## Problem to solve:
Please read the records below and return each line holding the string "True".

Stored data

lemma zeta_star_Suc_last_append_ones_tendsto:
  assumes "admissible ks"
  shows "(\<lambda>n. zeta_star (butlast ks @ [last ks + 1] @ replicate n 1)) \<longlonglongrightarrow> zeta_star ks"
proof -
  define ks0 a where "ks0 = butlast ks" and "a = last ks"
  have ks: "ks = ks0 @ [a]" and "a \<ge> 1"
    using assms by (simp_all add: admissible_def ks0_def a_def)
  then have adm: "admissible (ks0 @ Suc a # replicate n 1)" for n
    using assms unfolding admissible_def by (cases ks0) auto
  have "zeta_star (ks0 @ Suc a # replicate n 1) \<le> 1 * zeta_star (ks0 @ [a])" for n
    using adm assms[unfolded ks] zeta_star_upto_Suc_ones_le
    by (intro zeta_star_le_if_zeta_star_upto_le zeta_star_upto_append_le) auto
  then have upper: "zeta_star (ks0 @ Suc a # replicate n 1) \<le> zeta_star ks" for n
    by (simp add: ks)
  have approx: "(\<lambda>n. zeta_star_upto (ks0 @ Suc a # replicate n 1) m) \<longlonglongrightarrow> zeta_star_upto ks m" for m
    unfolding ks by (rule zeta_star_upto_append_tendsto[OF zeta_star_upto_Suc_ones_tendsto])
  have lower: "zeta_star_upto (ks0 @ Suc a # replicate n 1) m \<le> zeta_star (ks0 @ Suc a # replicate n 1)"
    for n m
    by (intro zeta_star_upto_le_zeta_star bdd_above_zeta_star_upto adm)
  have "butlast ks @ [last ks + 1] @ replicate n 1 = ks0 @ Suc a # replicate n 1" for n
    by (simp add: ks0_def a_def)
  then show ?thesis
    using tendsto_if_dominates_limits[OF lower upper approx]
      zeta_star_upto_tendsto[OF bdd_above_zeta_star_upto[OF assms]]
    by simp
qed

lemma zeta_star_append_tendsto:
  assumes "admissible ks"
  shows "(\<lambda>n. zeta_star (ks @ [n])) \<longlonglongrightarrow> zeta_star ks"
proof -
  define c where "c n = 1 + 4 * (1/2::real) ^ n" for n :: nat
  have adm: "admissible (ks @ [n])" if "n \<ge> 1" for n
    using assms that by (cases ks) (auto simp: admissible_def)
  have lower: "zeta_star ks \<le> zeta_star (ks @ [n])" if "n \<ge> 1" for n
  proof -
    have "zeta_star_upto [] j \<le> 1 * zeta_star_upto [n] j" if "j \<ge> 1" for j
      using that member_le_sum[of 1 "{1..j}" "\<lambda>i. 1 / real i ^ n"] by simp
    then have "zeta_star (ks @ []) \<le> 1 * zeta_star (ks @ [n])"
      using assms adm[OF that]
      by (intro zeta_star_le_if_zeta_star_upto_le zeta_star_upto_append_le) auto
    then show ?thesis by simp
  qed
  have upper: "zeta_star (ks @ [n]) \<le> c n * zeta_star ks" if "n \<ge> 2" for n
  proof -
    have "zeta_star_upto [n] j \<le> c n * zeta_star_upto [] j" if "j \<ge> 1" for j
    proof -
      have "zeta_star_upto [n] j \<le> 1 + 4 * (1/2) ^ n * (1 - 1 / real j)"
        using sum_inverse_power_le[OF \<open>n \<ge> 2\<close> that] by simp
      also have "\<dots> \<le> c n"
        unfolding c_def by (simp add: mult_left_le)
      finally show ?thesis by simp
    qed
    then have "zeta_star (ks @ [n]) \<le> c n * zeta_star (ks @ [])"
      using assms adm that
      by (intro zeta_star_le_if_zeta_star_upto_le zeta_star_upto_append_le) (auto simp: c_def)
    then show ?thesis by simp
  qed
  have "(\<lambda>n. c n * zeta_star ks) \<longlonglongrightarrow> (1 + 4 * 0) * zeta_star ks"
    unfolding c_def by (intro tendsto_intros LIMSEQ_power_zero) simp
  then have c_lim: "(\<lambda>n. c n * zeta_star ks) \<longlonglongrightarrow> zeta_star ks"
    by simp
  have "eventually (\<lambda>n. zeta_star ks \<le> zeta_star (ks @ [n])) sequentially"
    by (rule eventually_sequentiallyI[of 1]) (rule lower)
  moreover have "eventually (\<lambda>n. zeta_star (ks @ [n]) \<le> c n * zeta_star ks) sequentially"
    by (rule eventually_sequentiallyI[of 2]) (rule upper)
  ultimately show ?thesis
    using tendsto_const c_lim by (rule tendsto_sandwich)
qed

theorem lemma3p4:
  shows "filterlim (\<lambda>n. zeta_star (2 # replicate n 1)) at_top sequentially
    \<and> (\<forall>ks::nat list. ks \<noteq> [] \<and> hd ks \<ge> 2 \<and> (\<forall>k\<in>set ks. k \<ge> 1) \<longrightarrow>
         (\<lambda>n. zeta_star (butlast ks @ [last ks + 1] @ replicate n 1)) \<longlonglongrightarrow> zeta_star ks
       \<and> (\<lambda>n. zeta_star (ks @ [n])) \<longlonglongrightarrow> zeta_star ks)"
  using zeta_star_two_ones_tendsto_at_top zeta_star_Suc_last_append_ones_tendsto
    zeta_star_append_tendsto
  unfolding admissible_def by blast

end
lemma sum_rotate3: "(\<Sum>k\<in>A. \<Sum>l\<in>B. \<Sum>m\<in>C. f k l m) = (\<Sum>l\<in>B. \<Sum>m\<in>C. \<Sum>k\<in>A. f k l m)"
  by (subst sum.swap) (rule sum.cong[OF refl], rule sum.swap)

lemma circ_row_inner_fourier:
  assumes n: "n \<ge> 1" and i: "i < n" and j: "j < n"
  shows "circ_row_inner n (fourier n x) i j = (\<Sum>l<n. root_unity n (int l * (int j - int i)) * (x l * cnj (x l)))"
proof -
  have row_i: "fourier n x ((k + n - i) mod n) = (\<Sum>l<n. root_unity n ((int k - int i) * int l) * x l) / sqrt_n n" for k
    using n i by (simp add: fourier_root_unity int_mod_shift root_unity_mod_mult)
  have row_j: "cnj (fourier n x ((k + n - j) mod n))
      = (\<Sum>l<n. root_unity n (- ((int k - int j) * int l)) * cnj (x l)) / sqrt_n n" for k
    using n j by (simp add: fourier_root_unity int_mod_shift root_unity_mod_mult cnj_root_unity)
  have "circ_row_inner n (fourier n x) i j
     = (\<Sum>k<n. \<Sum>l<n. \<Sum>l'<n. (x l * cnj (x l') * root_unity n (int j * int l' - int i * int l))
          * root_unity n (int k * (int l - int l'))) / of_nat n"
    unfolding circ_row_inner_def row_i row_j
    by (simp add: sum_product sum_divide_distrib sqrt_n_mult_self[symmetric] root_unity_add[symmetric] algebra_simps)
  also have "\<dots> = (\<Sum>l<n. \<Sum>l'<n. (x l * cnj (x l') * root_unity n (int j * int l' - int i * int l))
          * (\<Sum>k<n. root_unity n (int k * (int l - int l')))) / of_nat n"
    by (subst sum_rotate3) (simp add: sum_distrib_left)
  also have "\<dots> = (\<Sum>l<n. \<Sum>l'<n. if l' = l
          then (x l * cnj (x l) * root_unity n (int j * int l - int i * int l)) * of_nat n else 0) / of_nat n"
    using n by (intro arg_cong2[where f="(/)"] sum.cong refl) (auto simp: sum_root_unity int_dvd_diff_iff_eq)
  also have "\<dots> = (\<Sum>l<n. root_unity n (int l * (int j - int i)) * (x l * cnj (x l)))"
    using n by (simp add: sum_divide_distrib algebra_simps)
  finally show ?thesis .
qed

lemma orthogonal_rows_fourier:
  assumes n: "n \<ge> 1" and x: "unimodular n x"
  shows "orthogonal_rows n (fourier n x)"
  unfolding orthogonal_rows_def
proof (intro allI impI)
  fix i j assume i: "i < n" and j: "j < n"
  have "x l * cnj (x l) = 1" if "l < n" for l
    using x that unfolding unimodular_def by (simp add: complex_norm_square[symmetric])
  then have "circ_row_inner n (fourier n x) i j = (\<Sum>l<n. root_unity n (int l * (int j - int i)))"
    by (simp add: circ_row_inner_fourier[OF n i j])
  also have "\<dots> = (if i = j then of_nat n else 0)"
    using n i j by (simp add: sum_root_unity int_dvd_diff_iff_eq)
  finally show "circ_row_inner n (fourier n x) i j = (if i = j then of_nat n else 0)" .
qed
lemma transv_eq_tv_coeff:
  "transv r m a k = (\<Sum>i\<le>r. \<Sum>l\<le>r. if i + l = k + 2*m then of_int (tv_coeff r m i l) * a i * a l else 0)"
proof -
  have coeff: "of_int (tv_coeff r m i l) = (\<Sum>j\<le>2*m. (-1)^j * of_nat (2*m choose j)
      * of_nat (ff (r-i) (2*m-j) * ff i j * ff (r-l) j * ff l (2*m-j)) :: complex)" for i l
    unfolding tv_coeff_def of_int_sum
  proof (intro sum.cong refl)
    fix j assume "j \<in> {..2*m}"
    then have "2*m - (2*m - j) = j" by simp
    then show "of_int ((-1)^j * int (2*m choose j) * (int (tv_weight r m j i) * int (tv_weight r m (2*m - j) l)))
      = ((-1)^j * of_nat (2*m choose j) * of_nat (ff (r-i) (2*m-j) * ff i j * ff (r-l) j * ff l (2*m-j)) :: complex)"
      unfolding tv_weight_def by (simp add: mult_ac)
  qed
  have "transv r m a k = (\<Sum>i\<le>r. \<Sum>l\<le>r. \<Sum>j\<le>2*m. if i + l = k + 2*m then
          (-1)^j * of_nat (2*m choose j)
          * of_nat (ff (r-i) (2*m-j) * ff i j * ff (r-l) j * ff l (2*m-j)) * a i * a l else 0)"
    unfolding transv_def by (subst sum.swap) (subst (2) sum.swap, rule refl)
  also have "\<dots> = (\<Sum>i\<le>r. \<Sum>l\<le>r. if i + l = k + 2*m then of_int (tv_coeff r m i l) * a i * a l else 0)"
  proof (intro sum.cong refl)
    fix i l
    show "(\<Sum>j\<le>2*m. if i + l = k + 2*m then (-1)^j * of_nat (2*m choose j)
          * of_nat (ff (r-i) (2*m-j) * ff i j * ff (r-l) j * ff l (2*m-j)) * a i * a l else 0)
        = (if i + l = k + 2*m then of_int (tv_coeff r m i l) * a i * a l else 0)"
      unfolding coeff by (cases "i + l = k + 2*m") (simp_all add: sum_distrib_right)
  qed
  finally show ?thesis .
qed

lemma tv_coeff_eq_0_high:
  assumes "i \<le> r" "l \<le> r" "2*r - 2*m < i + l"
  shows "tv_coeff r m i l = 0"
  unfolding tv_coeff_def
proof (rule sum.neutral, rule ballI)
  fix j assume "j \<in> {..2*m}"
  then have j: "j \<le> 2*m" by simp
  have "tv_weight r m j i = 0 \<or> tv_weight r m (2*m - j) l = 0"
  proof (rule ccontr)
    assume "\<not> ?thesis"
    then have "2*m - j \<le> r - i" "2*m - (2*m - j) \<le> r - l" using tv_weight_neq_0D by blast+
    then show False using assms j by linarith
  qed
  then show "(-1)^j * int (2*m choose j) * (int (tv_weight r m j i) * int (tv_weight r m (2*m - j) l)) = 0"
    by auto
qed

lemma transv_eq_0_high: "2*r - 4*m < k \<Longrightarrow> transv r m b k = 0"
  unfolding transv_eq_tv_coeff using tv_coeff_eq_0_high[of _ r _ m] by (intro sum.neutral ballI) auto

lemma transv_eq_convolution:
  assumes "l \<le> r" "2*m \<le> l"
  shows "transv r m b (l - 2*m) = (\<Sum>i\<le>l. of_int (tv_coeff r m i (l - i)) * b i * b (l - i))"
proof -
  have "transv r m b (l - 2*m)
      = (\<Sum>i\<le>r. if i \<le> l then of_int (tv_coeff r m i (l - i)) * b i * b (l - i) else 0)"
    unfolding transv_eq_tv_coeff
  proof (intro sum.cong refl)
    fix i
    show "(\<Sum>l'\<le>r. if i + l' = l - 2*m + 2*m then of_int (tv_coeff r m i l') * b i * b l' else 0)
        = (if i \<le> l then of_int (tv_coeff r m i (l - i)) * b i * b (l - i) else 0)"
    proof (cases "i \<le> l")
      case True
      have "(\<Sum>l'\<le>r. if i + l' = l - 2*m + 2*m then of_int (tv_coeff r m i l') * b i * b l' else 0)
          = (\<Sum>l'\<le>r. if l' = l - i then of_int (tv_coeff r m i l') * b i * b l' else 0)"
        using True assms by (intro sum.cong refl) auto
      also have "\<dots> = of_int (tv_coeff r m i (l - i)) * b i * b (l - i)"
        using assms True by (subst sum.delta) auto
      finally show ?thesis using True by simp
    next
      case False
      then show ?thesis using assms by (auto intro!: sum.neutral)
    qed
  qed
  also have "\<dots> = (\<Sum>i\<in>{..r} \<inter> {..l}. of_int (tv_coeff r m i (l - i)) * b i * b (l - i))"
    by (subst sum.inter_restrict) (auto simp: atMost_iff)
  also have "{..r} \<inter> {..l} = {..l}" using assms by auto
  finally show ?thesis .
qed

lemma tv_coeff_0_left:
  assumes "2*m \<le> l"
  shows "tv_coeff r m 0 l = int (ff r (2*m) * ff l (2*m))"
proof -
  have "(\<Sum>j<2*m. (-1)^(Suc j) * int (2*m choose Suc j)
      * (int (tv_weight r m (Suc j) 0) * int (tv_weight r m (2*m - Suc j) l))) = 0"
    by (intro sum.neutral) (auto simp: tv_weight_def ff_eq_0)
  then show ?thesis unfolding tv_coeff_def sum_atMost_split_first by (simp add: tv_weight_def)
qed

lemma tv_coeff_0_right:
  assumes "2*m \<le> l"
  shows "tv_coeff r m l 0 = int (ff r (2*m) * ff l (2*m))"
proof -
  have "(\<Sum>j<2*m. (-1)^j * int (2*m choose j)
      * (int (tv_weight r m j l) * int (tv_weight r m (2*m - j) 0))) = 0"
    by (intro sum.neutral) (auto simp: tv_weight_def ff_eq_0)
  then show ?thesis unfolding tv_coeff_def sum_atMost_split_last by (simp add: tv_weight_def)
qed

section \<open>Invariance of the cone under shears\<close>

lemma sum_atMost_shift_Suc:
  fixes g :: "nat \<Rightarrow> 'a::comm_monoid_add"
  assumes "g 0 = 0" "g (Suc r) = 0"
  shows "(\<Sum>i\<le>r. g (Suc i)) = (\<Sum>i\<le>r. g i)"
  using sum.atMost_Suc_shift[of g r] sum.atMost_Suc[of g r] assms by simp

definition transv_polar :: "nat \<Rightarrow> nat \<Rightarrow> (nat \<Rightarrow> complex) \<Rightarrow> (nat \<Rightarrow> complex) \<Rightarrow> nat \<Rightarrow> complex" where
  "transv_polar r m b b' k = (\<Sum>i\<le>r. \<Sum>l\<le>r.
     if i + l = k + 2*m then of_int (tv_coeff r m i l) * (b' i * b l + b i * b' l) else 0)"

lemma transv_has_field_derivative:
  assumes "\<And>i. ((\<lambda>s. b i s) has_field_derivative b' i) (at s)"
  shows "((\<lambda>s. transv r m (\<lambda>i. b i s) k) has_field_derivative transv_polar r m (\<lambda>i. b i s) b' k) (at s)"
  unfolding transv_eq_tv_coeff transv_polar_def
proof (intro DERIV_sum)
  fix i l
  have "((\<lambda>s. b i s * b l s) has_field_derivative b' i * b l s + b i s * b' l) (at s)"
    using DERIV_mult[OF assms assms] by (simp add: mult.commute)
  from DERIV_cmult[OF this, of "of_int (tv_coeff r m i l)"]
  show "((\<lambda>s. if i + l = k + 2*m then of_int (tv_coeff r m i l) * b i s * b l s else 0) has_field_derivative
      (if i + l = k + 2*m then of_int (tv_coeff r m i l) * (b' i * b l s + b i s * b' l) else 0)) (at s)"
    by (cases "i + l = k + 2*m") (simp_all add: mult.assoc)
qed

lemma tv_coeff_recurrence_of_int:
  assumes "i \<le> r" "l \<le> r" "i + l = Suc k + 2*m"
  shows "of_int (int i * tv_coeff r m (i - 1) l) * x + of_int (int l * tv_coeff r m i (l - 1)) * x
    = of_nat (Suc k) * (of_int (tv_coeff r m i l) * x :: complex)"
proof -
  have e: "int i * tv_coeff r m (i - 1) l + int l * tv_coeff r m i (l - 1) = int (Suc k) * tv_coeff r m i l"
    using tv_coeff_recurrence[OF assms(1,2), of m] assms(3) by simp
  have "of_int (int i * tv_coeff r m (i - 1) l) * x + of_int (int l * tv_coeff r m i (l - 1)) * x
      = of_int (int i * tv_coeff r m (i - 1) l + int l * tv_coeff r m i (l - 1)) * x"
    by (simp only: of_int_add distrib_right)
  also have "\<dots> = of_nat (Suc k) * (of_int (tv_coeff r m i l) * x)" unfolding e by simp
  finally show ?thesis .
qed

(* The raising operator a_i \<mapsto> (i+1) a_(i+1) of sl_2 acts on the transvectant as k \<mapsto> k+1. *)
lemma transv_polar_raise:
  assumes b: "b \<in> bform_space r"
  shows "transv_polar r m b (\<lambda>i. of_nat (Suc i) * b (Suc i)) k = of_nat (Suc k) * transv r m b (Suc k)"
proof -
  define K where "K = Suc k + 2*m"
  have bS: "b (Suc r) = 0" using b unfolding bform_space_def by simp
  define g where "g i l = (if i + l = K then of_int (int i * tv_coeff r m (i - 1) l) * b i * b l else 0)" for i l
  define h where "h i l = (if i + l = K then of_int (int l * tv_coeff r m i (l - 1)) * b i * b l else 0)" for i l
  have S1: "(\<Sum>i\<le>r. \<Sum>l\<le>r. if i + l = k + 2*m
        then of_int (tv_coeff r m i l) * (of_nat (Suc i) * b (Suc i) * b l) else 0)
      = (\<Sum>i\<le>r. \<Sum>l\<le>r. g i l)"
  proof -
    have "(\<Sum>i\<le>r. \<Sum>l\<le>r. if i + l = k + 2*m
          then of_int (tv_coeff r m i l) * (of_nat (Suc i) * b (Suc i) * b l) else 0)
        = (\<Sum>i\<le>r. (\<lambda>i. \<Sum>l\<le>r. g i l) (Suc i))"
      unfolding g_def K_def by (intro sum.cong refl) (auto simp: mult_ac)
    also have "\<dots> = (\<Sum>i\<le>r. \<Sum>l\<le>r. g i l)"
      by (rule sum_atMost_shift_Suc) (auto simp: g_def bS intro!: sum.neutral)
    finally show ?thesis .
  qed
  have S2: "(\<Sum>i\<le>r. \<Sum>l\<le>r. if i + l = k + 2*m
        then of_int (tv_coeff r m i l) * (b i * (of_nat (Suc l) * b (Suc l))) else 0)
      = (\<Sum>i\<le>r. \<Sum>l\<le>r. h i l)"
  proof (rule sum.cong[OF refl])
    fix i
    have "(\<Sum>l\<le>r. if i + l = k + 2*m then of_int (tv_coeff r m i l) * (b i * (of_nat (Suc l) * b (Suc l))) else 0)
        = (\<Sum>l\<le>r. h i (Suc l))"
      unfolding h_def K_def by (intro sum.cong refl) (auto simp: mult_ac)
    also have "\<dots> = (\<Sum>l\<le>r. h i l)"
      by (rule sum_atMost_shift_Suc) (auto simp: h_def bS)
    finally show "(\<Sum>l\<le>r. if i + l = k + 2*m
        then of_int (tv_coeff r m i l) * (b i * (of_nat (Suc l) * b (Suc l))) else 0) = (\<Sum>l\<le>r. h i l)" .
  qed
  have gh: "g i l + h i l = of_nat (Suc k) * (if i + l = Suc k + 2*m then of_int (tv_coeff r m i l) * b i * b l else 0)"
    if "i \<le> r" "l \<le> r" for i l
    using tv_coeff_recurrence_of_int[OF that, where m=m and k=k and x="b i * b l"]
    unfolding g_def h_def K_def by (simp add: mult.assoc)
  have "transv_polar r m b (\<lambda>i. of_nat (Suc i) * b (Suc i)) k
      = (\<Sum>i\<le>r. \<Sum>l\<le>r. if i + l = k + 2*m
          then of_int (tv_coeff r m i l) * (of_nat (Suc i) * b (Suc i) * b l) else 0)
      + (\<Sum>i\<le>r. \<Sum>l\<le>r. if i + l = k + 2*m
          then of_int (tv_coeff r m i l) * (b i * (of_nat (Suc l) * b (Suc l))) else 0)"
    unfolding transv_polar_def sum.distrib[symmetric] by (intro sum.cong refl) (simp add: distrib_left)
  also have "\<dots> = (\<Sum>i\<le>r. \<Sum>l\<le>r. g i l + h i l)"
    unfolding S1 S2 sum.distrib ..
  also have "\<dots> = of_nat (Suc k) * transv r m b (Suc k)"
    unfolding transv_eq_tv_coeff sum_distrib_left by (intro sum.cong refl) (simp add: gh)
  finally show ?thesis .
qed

## Solution below:
      case True
        using True assms by (intro sum.cong refl) auto
        using assms True by (subst sum.delta) auto
      finally show ?thesis using True by simp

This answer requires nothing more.